Former U.S. National Security Advisor Zbigniew Brzezinski got it right: the most worrying aspect about the state of the U.S.-Chinese relationship is its failure to address the broader problems of an increasingly unstable, turbulent world. Both governments, driven by their respective domestic constituencies, already have enough difficulties managing their bilateral problems, from currency revaluation to the conventional military arms race. There is simply not enough serious time and energy left for issues such as nuclear non-proliferation in Iran and on the Korean peninsula, global warming, or reform of the world economy's increasingly shaky institutional foundations. This failure to deliver on issues of global governance risks turning the relationship into a “lose-lose” situation—both America and China are likely to suffer if any of those global challenges seriously get out of hand.

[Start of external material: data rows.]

lemma second_derivative_comparison_at_touching:
  fixes x :: "real^'n" and u u1 u2 v v1 v2 :: "real \<Rightarrow> real"
  assumes p: "p > 1" and S: "open S" "S \<subseteq> {0<..}"
    and u1: "\<And>r. r \<in> S \<Longrightarrow> (u has_real_derivative u1 r) (at r)"
    and u2: "\<And>r. r \<in> S \<Longrightarrow> (u1 has_real_derivative u2 r) (at r)"
    and v1: "\<And>r. r \<in> S \<Longrightarrow> (v has_real_derivative v1 r) (at r)"
    and v2: "\<And>r. r \<in> S \<Longrightarrow> (v1 has_real_derivative v2 r) (at r)"
    and x: "norm x \<in> S" and pos: "u (norm x) > 0" "v (norm x) > 0" and nz: "u1 (norm x) \<noteq> 0"
    and touch: "u1 (norm x) * v (norm x) = u (norm x) * v1 (norm x)"
    and sub: "op_pV p V (\<lambda>x. u (norm x)) x \<le> 0"
    and super: "op_pV p V (\<lambda>x. v (norm x)) x \<ge> 0"
    and strict: "op_pV p V (\<lambda>x. u (norm x)) x < 0 \<or> op_pV p V (\<lambda>x. v (norm x)) x > 0"
  shows "u (norm x) * v2 (norm x) < u2 (norm x) * v (norm x)"
proof -
  let ?r = "norm x"
  define a where "a = u1 ?r / u ?r"
  define c where "c = (p - 1) * \<bar>a\<bar> powr (p - 2)"
  define b where "b = (real CARD('n) - 1) / ?r * \<bar>a\<bar> powr (p - 2) * a"
  have ua: "u1 ?r = a * u ?r" and va: "v1 ?r = a * v ?r" and "a \<noteq> 0"
    using pos nz touch by (auto simp: a_def field_simps)
  then have c: "c > 0"
    using p by (simp add: c_def)
  have op_u: "op_pV p V (\<lambda>x. u (norm x)) x = - (u ?r powr (p - 1) * (c * (u2 ?r / u ?r) + b + V x))"
    unfolding c_def b_def by (rule op_pV_radial_log_derivative[OF S u1 u2 x pos(1) ua \<open>a \<noteq> 0\<close>])
  have op_v: "op_pV p V (\<lambda>x. v (norm x)) x = - (v ?r powr (p - 1) * (c * (v2 ?r / v ?r) + b + V x))"
    unfolding c_def b_def by (rule op_pV_radial_log_derivative[OF S v1 v2 x pos(2) va \<open>a \<noteq> 0\<close>])
  have "u ?r powr (p - 1) > 0" "v ?r powr (p - 1) > 0"
    using pos by simp_all
  then have "c * (u2 ?r / u ?r) + b + V x \<ge> 0" "c * (v2 ?r / v ?r) + b + V x \<le> 0"
    and "c * (u2 ?r / u ?r) + b + V x > 0 \<or> c * (v2 ?r / v ?r) + b + V x < 0"
    using sub super strict unfolding op_u op_v
    by (auto simp: zero_le_mult_iff mult_le_0_iff zero_less_mult_iff mult_less_0_iff)
  then have "c * (v2 ?r / v ?r) < c * (u2 ?r / u ?r)"
    by linarith
  then have "v2 ?r / v ?r < u2 ?r / u ?r"
    using c mult_less_cancel_left_pos by blast
  then show ?thesis
    using pos by (simp add: field_simps)
qed

lemma deriv_divide_eq:
  fixes u v :: "real \<Rightarrow> real"
  assumes "(u has_real_derivative u') (at r)" "(v has_real_derivative v') (at r)" "v r \<noteq> 0"
  shows "deriv (\<lambda>r. u r / v r) r = (u' * v r - u r * v') / (v r)\<^sup>2"
  using DERIV_imp_deriv[OF DERIV_divide[OF assms]] by (simp add: power2_eq_square)

lemma has_real_derivative_deriv_divide_at_critical:
  fixes u u1 v v1 :: "real \<Rightarrow> real"
  assumes S: "open S" "\<rho> \<in> S"
    and u1: "\<And>r. r \<in> S \<Longrightarrow> (u has_real_derivative u1 r) (at r)" and u2: "(u1 has_real_derivative u2) (at \<rho>)"
    and v1: "\<And>r. r \<in> S \<Longrightarrow> (v has_real_derivative v1 r) (at r)" and v2: "(v1 has_real_derivative v2) (at \<rho>)"
    and v: "\<And>r. r \<in> S \<Longrightarrow> v r \<noteq> 0"
    and crit: "u1 \<rho> * v \<rho> - u \<rho> * v1 \<rho> = 0"
  shows "(deriv (\<lambda>r. u r / v r) has_real_derivative (u2 * v \<rho> - u \<rho> * v2) / (v \<rho>)\<^sup>2) (at \<rho>)"
proof (rule has_field_derivative_transform_within_open[OF _ S])
  have "((\<lambda>r. (u1 r * v r - u r * v1 r) / (v r * v r)) has_real_derivative
          ((u2 * v \<rho> + v1 \<rho> * u1 \<rho> - (u1 \<rho> * v1 \<rho> + v2 * u \<rho>)) * (v \<rho> * v \<rho>)
            - (u1 \<rho> * v \<rho> - u \<rho> * v1 \<rho>) * (v1 \<rho> * v \<rho> + v1 \<rho> * v \<rho>))
          / ((v \<rho> * v \<rho>) * (v \<rho> * v \<rho>))) (at \<rho>)"
    by (rule DERIV_divide DERIV_diff DERIV_mult u2 v2 u1 v1 S(2))+ (use v[OF S(2)] in simp)
  also have "((u2 * v \<rho> + v1 \<rho> * u1 \<rho> - (u1 \<rho> * v1 \<rho> + v2 * u \<rho>)) * (v \<rho> * v \<rho>)
            - (u1 \<rho> * v \<rho> - u \<rho> * v1 \<rho>) * (v1 \<rho> * v \<rho> + v1 \<rho> * v \<rho>))
          / ((v \<rho> * v \<rho>) * (v \<rho> * v \<rho>))
        = (u2 * v \<rho> - u \<rho> * v2) * (v \<rho> * v \<rho>) / ((v \<rho> * v \<rho>) * (v \<rho> * v \<rho>))"
    unfolding crit by (simp add: algebra_simps)
  also have "\<dots> = (u2 * v \<rho> - u \<rho> * v2) / (v \<rho>)\<^sup>2"
    using v[OF S(2)] by (simp add: power2_eq_square)
  finally show "((\<lambda>r. (u1 r * v r - u r * v1 r) / (v r)\<^sup>2) has_real_derivative
               (u2 * v \<rho> - u \<rho> * v2) / (v \<rho>)\<^sup>2) (at \<rho>)"
    by (simp add: power2_eq_square)
  show "(u1 r * v r - u r * v1 r) / (v r)\<^sup>2 = deriv (\<lambda>r. u r / v r) r" if "r \<in> S" for r
    by (rule deriv_divide_eq[OF u1 v1 v, symmetric]) (use that in simp_all)
qed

Where does that leave Europe? The European Union does not have a bilateral relationship with China, but 28 such relationships. Each of the 27 EU member countries has its own China policy, as does the EU, which for years has been trying to develop a “strategic partnership” with Beijing to engage at eye-level and on all important issues of international relations, including security. Those efforts have led nowhere, and it is time to recognize that the EU relationship with China is basically economic, and not much else. One only need compare the international visibility and the substance of Hu’s meeting with U.S. President Barack Obama last week with the most recent EU - China summit (the 13th) in Brussels in October 2010 to see why this is so. In dealing with China, a large part of the international agenda today is political and even military, and Europe simply is not relevant in that sphere. This is different with economic issues, of course — European trade and foreign direct investments with China in 2009 were significantly larger than those of the United States, and they have also grown (even) more rapidly over the last decade than trade and investment between China and America. On those issues, moreover, the European Union does speak with one voice: Brussels’. The economic agenda of the two summits in Washington and in Brussels also looked remarkably similar; the European Union and the United States were both pushing China to let its currency rise, to remove barriers to its market, and to protect the intellectual property rights of Western companies.

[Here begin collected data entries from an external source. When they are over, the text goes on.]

lemma rich_witnesses_cong:
  assumes "\<And>j. j < s \<Longrightarrow> a0 j = a0' j" "\<And>i j. i \<in> {1..u} \<Longrightarrow> j < s \<Longrightarrow> a i j = a' i j"
    and "\<And>i. i \<in> {1..u} \<Longrightarrow> c i = c' i"
  shows "rich_witnesses R s u v a0 a c x y \<longleftrightarrow> rich_witnesses R s u v a0' a' c' x y"
proof -
  have "dotp s a0 z = dotp s a0' z" for z
    using assms(1) by (rule dotp_cong)
  moreover have "dotp s (a i) z = dotp s (a' i) z" if "i \<in> {1..u}" for i z
    using assms(2)[OF that] by (rule dotp_cong)
  ultimately show ?thesis
    unfolding rich_witnesses_def using assms(3) by (intro conj_cong ball_cong refl) auto
qed

(* Lists of the entries that matter give a countable index set for all instances. *)
lemma rich_if_list_instances:
  assumes "\<And>s u v (coeffs :: nat list) (rows :: nat list list) (constants :: nat list).
    rich_instance s u ((!) coeffs) (\<lambda>i. (!) (rows ! i)) ((!) constants) \<Longrightarrow>
    \<exists>x y. rich_witnesses R s u v ((!) coeffs) (\<lambda>i. (!) (rows ! i)) ((!) constants) x y"
  shows "rich R"
  unfolding rich_iff_witnesses
proof (intro allI impI)
  fix s u v a0 a c
  assume "rich_instance s u a0 a c"
  let ?coeffs = "map a0 [0..<s]" and ?rows = "map (\<lambda>i. map (a i) [0..<s]) [0..<Suc u]"
    and ?constants = "map c [0..<Suc u]"
  have "rich_instance s u a0 a c \<longleftrightarrow>
      rich_instance s u ((!) ?coeffs) (\<lambda>i. (!) (?rows ! i)) ((!) ?constants)"
    by (rule rich_instance_cong) (auto simp del: upt_Suc)
  moreover have "rich_witnesses R s u v a0 a c x y \<longleftrightarrow>
      rich_witnesses R s u v ((!) ?coeffs) (\<lambda>i. (!) (?rows ! i)) ((!) ?constants) x y" for x y
    by (rule rich_witnesses_cong) (auto simp del: upt_Suc)
  ultimately show "\<exists>x y. rich_witnesses R s u v a0 a c x y"
    using assms \<open>rich_instance s u a0 a c\<close> by simp
qed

Brussels has not been too successful so far with its economic agenda with China, but neither has the United States. The fact is that Chinese foreign economic policies are mostly shaped by China’s own agenda. What both Washington and Brussels can do—and the more they do so in a coordinated fashion, the more effective they will be—are basically two things: they can use access to their markets and their economic resources as levers to establish a level playing field and secure reciprocity, and they can persuade China to change its practices if and when those changes will be mutually beneficial. On this, the Europeans actually have been doing better than the United States. The EU has established a highly institutionalized framework for its economic dialogue with China, including not only regular summit meetings, but as many as 50 working groups with the Chinese on a wide variety of issues, ranging from intellectual property right protection to rule of law and human rights. Those working-level exchanges are important and valuable, as they offer opportunities for both sides to learn and to develop new approaches.

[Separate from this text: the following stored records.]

(* Since exp (- l x - l^2/2) is decreasing in x and equals 1 at x = -l/2, the integrand of h is
   exp (- l max(Z1, Z2, -l/2) - l^2/2) = int_{max(Z1,Z2)}^oo W(t) dt, where
   W(t) = l exp (- l t - l^2/2) on [-l/2, oo) is a probability density. By Tonelli,
   h(rho) = int W(t) F_rho(t) dt with F_rho(t) = P(Z1 <= t, Z2 <= t). Plackett's identity
   d/drho F_rho(t) = exp (- t^2/(1+rho)) / (2 pi sqrt(1-rho^2)) then gives
   h'(rho) = K(rho) / (2 pi sqrt(1-rho^2)) with K(rho) = int W(t) exp (- t^2/(1+rho)) dt,
   which is positive and increasing in rho. Hence h' > 0 and h'(rho) -> oo as rho -> 1, and
   h'' = K' / (2 pi sqrt(1-rho^2)) + rho K / (2 pi sqrt(1-rho^2)^3) > 0 for rho >= 0. *)

lemma DERIV_integral_dominated:
  fixes f f' :: "real \<Rightarrow> 'a \<Rightarrow> real" and g :: "'a \<Rightarrow> real"
  assumes r0: "a < r0" "r0 < b"
    and integrable: "\<And>r. a < r \<Longrightarrow> r < b \<Longrightarrow> integrable M (f r)"
    and deriv: "\<And>x r. a < r \<Longrightarrow> r < b \<Longrightarrow> ((\<lambda>r. f r x) has_real_derivative f' r x) (at r)"
    and bound: "\<And>x r. a < r \<Longrightarrow> r < b \<Longrightarrow> \<bar>f' r x\<bar> \<le> g x"
    and "integrable M g"
    and "f' r0 \<in> borel_measurable M"
  shows "((\<lambda>r. \<integral>x. f r x \<partial>M) has_real_derivative (\<integral>x. f' r0 x \<partial>M)) (at r0)"
proof -
  define q where "q u x = (f u x - f r0 x) / (u - r0)" for u x
  have q_mvt: "\<exists>\<xi>. a < \<xi> \<and> \<xi> < b \<and> q u x = f' \<xi> x" if u: "u \<in> {a<..<b} - {r0}" for u x
  proof (cases "u < r0")
    case True
    then obtain \<xi> where "u < \<xi>" "\<xi> < r0" "f r0 x - f u x = (r0 - u) * f' \<xi> x"
      using MVT2[of u r0 "\<lambda>r. f r x" "\<lambda>r. f' r x"] deriv u r0 by fastforce
    with True u r0 show ?thesis unfolding q_def by (intro exI[of _ \<xi>]) (auto simp: field_simps)
  next
    case False
    then have "r0 < u" using u by auto
    then obtain \<xi> where "r0 < \<xi>" "\<xi> < u" "f u x - f r0 x = (u - r0) * f' \<xi> x"
      using MVT2[of r0 u "\<lambda>r. f r x" "\<lambda>r. f' r x"] deriv u r0 by fastforce
    with \<open>r0 < u\<close> u r0 show ?thesis unfolding q_def by (intro exI[of _ \<xi>]) (auto simp: field_simps)
  qed
  have "((\<lambda>u. ((\<integral>x. f u x \<partial>M) - (\<integral>x. f r0 x \<partial>M)) / (u - r0)) \<longlongrightarrow> (\<integral>x. f' r0 x \<partial>M))
      (at r0 within {a<..<b})"
    unfolding tendsto_at_iff_sequentially comp_def
  proof (intro allI impI)
    fix X :: "nat \<Rightarrow> real"
    assume X: "\<forall>i. X i \<in> {a<..<b} - {r0}" and "X \<longlonglongrightarrow> r0"
    have q_lim: "(\<lambda>i. q (X i) x) \<longlonglongrightarrow> f' r0 x" for x
      using deriv[OF r0, of x] X \<open>X \<longlonglongrightarrow> r0\<close>
      unfolding has_field_derivative_iff tendsto_at_iff_sequentially q_def comp_def by auto
    have "(\<lambda>i. \<integral>x. q (X i) x \<partial>M) \<longlonglongrightarrow> (\<integral>x. f' r0 x \<partial>M)"
    proof (rule integral_dominated_convergence[where w = g])
      show "AE x in M. norm (q (X i) x) \<le> g x" for i
      proof (rule AE_I2)
        fix x
        obtain \<xi> where "a < \<xi>" "\<xi> < b" "q (X i) x = f' \<xi> x"
          using q_mvt X by blast
        then show "norm (q (X i) x) \<le> g x" using bound by simp
      qed
    qed (use assms X q_lim in \<open>auto simp: q_def\<close>)
    moreover have "(\<integral>x. q (X i) x \<partial>M) = ((\<integral>x. f (X i) x \<partial>M) - (\<integral>x. f r0 x \<partial>M)) / (X i - r0)" for i
      using integrable X r0 by (simp add: q_def)
    ultimately show "(\<lambda>i. ((\<integral>x. f (X i) x \<partial>M) - (\<integral>x. f r0 x \<partial>M)) / (X i - r0)) \<longlonglongrightarrow> (\<integral>x. f' r0 x \<partial>M)"
      by simp
  qed
  moreover have "at r0 within {a<..<b} = at r0"
    using r0 by (intro at_within_open) auto
  ultimately show ?thesis
    by (simp add: has_field_derivative_iff)
qed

Beyond those modest but useful activities, however, the search for a strategic partnership between Europe and China should be abandoned. It is based on the pretence that all 28 European China policies can be aligned. That is quite unlikely to happen, for the simple reason that member state interests in China are, first, primarily economic and commercial and, second, divergent and often competing. If the EU really was serious about developing a common foreign policy (and it should be!), then it would focus on other, more promising issues than its relationship with China. The EU actually has been moderately successful in forging common policies on two important global challenges—taking a stronger role on nuclear non-proliferation (Iran) and on climate change, in particular. It.; should build on those successes and develop them further. To the extent it will succeed, it will also be able to strike a meaningful and balanced political (even “strategic,” if you like) relationship with Beijing, because the EU would then be taken seriously in Beijing. So far, it is not.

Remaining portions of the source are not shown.